Ведали ли одни, что творили? Понимали ли другие, что происходит с ними? Все вместе — отдавали ли себе отчет в том, что их ждет в ближайшем будущем? Можно утверждать: не позднее знание писателя наложилось на самосознание его героев, но художественно-хроникальное исследование эпохи помогло ему увидеть точные исторические акценты и восстановить в подлинности социально-психологическую атмосферу тех лет. И если говорить о том, как соотносятся в «Мужиках и бабах» судьба человека, втянутого в социальноутопический эксперимент, и логика осознания им своей судьбы, то прежде всего поражает, насколько глубоко, точно и исторически прозорливо оценивали люди свое истинное положение. Русский человек, житель деревни чувствовал себя, конечно, и обманутым и беспомощным, но он не обманывался насчет целей и задач навязанного ему эксперимента — вот неизбежный вывод, который следует из романа-хроники Можаева. Не обманывался хотя бы потому, что видел и понимал, по какому именно принципу проходит размежевание, разделение людей на классы. «Ничего путного не жди от общества, где введены сословные привилегии, — думает Маша Обухова. — Вперед проскочат только проходимцы — для этих сословий не существует».

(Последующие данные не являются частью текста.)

(* Let $X_1,\dots,X_N$ and $\sigma_1,\dots,\sigma_N$ be as in the context, and let $\widetilde{\mathcal H}$, $M_k,A_k,D_k$ and $\eta_k$ be as defined there. Let $R$ be a positive integer, let $\varepsilon\colon\{1,\dots,R\}\to\{1,*\}$ and $\iota\colon\{1,\dots,R\}\to\{1,\dots,N\}$ with $\iota(1)=\iota(R)=k$. Let $\pi\in NC(R)$ satisfy: (i) $\pi\in NC_{\mathrm{irr}}(R)$; (ii) for every block $B=(q_1<q_2<\dots<q_r)$ of $\pi$, $\iota(q_1)=\dots=\iota(q_r)$ and $\varepsilon(q_1)\ne\varepsilon(q_2)\ne\dots\ne\varepsilon(q_r)\ne\varepsilon(q_1)$. Define $\varphi_\pi\colon\{1,\dots,R\}\to\mathcal L(\widetilde{\mathcal H})$ by: $\varphi_\pi(j)=M_{\iota(j)}^{\varepsilon(j)}$ for $j\in\{1,R\}$; for $2\le j\le R-1$ with $\varepsilon(j)=1$, $\varphi_\pi(j)=D_{\iota(j)}$ if $j$ is the least element of its block of $\pi$, $A^*_{\iota(j)}$ if $j$ is the greatest element of its block, and $M_{\iota(j)}$ otherwise; for $2\le j\le R-1$ with $\varepsilon(j)=*$, $\varphi_\pi(j)=A_{\iota(j)}$ if $j$ is the least element of its block, $D^*_{\iota(j)}$ if $j$ is the greatest element of its block, and $M^*_{\iota(j)}$ otherwise. Then $$\kappa_\pi[X_{\iota(1)}^{\varepsilon(1)},\dots,X_{\iota(R)}^{\varepsilon(R)}]=\langle\varphi_\pi(1)\cdots\varphi_\pi(R)\eta_k,\eta_k\rangle.$$
   Context: $(\mathcal M,\tau)$ is a tracial $W^*$-probability space, $X_1,\dots,X_N\in\mathcal M$ are $*$-free (bounded) $R$-diagonal elements, and $\sigma_1,\dots,\sigma_N$ are compactly supported symmetric finite positive Borel measures on $\mathbf{R}$ such that for every $k$, every $r\ge1$ and every cyclically alternating $\varepsilon(1),\dots,\varepsilon(r)\in\{1,*\}$ (i.e. $\varepsilon(j)\ne\varepsilon(j+1)$ and $\varepsilon(r)\ne\varepsilon(1)$), the free cumulant satisfies $\kappa_r(X_k^{\varepsilon(1)},\dots,X_k^{\varepsilon(r)})=\int t^r\,d\sigma_k(t)$. Here $X^1=X$, $X^*$ is the adjoint, $\kappa_n$ are free cumulants w.r.t. $\tau$ and $\kappa_\pi$ is the multiplicative extension over the blocks of $\pi$. $NC(R)$ is the set of noncrossing partitions of $\{1,\dots,R\}$, $NC_{\mathrm{irr}}(R)$ those in which $1$ and $R$ lie in the same block. Fock model: let $\{e,f\}$ be an orthonormal basis of $\mathbf{C}^2$, $H_k^e=L^2(\sigma_k)\otimes\mathbf{C}e$, $H_k^f=L^2(\sigma_k)\otimes\mathbf{C}f$, $\mathcal H=\bigoplus_{k=1}^N(H_k^e\oplus H_k^f)$, $\widetilde{\mathcal H}=\bigoplus_{n\ge1}\mathcal H^{\otimes n}$ (no vacuum), with inner product $\langle\cdot,\cdot\rangle$. Let $\mathrm{id}_k\in L^2(\sigma_k)$ be $t\mapsto t$ and $1_k$ the constant function $1$; $m_k\colon H_k^e\to H_k^f$, $m_k(F\otimes e)=(\mathrm{id}_k F)\otimes f$. For $v_1,\dots,v_n\in\mathcal H$: $M_k(v_1\otimes\cdots\otimes v_n)=m_k(P_{H_k^e}v_1)\otimes v_2\otimes\cdots\otimes v_n$ (so $M_k^*(v_1\otimes\cdots\otimes v_n)=m_k^*(P_{H_k^f}v_1)\otimes v_2\otimes\cdots\otimes v_n$), $A_k^*(v_1\otimes\cdots\otimes v_n)=(\mathrm{id}_k\otimes f)\otimes v_1\otimes\cdots\otimes v_n$, $D_k^*(v_1\otimes\cdots\otimes v_n)=(\mathrm{id}_k\otimes e)\otimes v_1\otimes\cdots\otimes v_n$; their adjoints are $A_k(v_1\otimes\cdots\otimes v_n)=\langle v_1,\mathrm{id}_k\otimes f\rangle v_2\otimes\cdots\otimes v_n$, $D_k(v_1\otimes\cdots\otimes v_n)=\langle v_1,\mathrm{id}_k\otimes e\rangle v_2\otimes\cdots\otimes v_n$ for $n\ge2$, and $A_kv=D_kv=0$ for $v\in\mathcal H$. Here $P_{H}$ is orthogonal projection onto $H$. For an operator $Z$, $Z^1=Z$ and $Z^*$ is its adjoint. $\eta_k=1_k\otimes e+1_k\otimes f\in\mathcal H$. *)

theory Defs
  imports "HOL-Analysis.Analysis" "HOL-Library.Disjoint_Sets"
begin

Политическая установка об усилении классовой борьбы автоматически срабатывала в деревне только в пользу того, кто был не прочь поживиться за чужой счет. И проехала эта установка таким образом, что сразу враждебно и непримиримо разделила людей в точном соответствии с духом «великого эксперимента» — на экспериментаторов и экспериментируемых. Ибо если сегодня ты не пошел кулачить (то есть отказался быть экспериментатором), то завтра кулачить будут тебя и подопытным кроликом станешь ты сам. В результате такой селекции «человеческим материалом» для социальных опытов оказывались самые стойкие, самые надежные, самые трудолюбивые — они-то и подлежали уничтожению в первую очередь. Один из них, Андрей Иванович Бородин, говорит: «Мужик — лицо самостоятельное. Хозяин! А хозяйство вести — не штанами трясти. То есть мужик способен сводить концы с концами — и себя кормить, и другим хлебушко давать. Мужик — значит, опора и надежа, хозяин, одним словом, человек сметливый, сильный, независимый в делах. Сказано — хозяин и в чужом деле голова. За ним не надо приглядывать, его заставлять не надо. Он сам все сделает как следует. Вот такому мужику приходит конец. Придет на его место человек казенный да работник…»

По сути дела, никто из тех, кому всерьез угрожает «великий эксперимент», не заблуждается насчет его истинной цели: «В этой жизни мы перестали быть хозяевами. Нас просто загоняют в колхозы, как стадо в тырлы. И все теперь становится не нашим: и земля, и постройки, и даже скотина. Все чужое. И сами мы тоже чужие…»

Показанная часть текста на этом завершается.